> **Work task**
Scan the entries below for the word "moreover", then copy each line that holds it.

Source data
----

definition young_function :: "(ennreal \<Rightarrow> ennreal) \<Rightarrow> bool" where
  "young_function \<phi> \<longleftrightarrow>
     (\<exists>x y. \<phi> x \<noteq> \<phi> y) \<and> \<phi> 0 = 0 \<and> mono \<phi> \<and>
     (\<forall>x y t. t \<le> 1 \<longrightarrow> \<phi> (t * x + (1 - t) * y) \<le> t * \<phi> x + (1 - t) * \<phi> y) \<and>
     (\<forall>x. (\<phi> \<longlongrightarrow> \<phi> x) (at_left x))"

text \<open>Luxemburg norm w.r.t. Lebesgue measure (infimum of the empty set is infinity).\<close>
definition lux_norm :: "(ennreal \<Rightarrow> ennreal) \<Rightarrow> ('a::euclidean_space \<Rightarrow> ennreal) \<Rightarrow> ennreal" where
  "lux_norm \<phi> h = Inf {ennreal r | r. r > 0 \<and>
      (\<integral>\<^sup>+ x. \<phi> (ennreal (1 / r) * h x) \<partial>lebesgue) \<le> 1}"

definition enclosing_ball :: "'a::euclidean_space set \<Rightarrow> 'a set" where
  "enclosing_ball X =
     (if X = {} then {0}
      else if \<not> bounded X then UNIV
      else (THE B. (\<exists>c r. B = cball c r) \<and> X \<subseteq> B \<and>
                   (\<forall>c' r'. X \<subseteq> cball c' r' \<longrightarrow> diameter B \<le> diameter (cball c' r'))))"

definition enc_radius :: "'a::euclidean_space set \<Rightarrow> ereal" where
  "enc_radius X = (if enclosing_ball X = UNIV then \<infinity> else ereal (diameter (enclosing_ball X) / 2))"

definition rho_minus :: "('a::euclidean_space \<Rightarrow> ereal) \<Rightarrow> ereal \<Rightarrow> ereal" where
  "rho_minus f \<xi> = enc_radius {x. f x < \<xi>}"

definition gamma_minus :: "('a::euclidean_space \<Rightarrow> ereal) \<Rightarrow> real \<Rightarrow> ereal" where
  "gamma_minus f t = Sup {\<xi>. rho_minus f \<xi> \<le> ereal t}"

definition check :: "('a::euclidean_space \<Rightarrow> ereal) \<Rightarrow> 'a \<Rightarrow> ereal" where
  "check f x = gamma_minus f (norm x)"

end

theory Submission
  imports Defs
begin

----

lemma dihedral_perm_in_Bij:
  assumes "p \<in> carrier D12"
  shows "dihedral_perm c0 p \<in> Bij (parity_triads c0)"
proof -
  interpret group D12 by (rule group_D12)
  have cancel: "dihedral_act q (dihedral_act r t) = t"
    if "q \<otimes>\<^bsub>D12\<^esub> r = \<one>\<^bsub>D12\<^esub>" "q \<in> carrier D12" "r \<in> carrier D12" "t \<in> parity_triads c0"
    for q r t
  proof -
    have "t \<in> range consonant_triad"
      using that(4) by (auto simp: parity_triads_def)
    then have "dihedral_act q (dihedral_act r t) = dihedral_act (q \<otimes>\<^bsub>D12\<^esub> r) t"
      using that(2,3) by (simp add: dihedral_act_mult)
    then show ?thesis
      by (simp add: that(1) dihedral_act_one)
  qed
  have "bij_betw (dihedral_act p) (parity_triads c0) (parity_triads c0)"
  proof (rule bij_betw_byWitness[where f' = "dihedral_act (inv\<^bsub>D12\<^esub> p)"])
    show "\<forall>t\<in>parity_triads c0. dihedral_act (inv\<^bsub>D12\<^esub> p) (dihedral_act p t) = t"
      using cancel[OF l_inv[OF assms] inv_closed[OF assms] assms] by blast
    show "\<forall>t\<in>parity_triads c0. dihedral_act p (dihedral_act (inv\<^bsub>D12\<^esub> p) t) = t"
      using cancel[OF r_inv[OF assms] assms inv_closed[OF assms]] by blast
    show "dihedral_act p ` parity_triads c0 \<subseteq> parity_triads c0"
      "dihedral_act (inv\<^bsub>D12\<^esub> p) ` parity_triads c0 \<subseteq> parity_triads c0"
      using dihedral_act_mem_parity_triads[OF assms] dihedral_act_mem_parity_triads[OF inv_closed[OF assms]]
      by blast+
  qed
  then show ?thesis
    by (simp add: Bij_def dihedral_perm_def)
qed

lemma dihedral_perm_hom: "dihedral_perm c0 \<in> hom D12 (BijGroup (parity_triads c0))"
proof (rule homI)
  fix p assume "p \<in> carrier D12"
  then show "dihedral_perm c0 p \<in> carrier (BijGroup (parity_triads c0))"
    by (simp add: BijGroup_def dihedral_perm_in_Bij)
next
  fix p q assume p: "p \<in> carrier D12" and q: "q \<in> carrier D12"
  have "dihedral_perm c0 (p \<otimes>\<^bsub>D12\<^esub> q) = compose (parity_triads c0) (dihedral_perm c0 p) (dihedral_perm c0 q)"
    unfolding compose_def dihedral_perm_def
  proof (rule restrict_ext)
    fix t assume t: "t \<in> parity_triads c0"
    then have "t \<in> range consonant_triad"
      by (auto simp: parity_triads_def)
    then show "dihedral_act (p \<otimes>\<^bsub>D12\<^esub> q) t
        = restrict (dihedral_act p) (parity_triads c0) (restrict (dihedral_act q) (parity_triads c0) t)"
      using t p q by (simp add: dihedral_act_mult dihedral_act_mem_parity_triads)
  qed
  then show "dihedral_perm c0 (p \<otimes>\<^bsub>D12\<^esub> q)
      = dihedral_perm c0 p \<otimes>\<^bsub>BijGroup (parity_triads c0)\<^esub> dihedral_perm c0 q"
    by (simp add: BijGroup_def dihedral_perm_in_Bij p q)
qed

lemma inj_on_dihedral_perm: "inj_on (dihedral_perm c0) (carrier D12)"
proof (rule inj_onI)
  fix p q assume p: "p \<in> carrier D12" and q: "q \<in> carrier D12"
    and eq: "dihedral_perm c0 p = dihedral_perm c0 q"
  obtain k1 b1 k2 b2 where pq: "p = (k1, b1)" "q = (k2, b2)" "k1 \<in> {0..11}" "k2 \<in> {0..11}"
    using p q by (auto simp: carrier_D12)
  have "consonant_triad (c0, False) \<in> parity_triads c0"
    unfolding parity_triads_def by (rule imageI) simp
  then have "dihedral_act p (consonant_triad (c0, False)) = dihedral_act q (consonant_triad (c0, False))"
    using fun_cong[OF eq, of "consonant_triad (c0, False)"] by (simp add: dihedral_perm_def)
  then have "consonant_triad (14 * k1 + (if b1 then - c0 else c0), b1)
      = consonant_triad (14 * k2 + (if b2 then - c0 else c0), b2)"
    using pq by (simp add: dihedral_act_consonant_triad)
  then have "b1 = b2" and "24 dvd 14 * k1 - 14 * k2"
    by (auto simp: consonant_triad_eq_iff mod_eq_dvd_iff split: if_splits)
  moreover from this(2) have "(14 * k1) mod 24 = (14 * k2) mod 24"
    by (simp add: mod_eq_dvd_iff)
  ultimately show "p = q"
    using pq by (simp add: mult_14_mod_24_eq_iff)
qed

----

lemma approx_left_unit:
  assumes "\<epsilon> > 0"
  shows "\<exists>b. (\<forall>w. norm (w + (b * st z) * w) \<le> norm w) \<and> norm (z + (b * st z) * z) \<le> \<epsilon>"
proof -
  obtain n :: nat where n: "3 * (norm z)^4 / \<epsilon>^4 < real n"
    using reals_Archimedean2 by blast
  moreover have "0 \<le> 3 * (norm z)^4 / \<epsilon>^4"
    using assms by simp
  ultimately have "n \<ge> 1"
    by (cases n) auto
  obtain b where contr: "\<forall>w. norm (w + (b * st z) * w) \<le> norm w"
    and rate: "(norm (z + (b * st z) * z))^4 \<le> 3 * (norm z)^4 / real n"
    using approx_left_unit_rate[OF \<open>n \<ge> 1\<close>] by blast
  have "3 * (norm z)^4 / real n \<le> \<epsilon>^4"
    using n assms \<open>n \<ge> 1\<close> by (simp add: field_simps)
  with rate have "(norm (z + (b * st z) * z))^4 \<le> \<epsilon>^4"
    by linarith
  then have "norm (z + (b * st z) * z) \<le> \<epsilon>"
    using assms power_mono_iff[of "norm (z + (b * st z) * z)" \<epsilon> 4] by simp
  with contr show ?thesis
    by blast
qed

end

----

> **Written response**
  moreover from this(2) have "(14 * k1) mod 24 = (14 * k2) mod 24"
  moreover have "0 \<le> 3 * (norm z)^4 / \<epsilon>^4"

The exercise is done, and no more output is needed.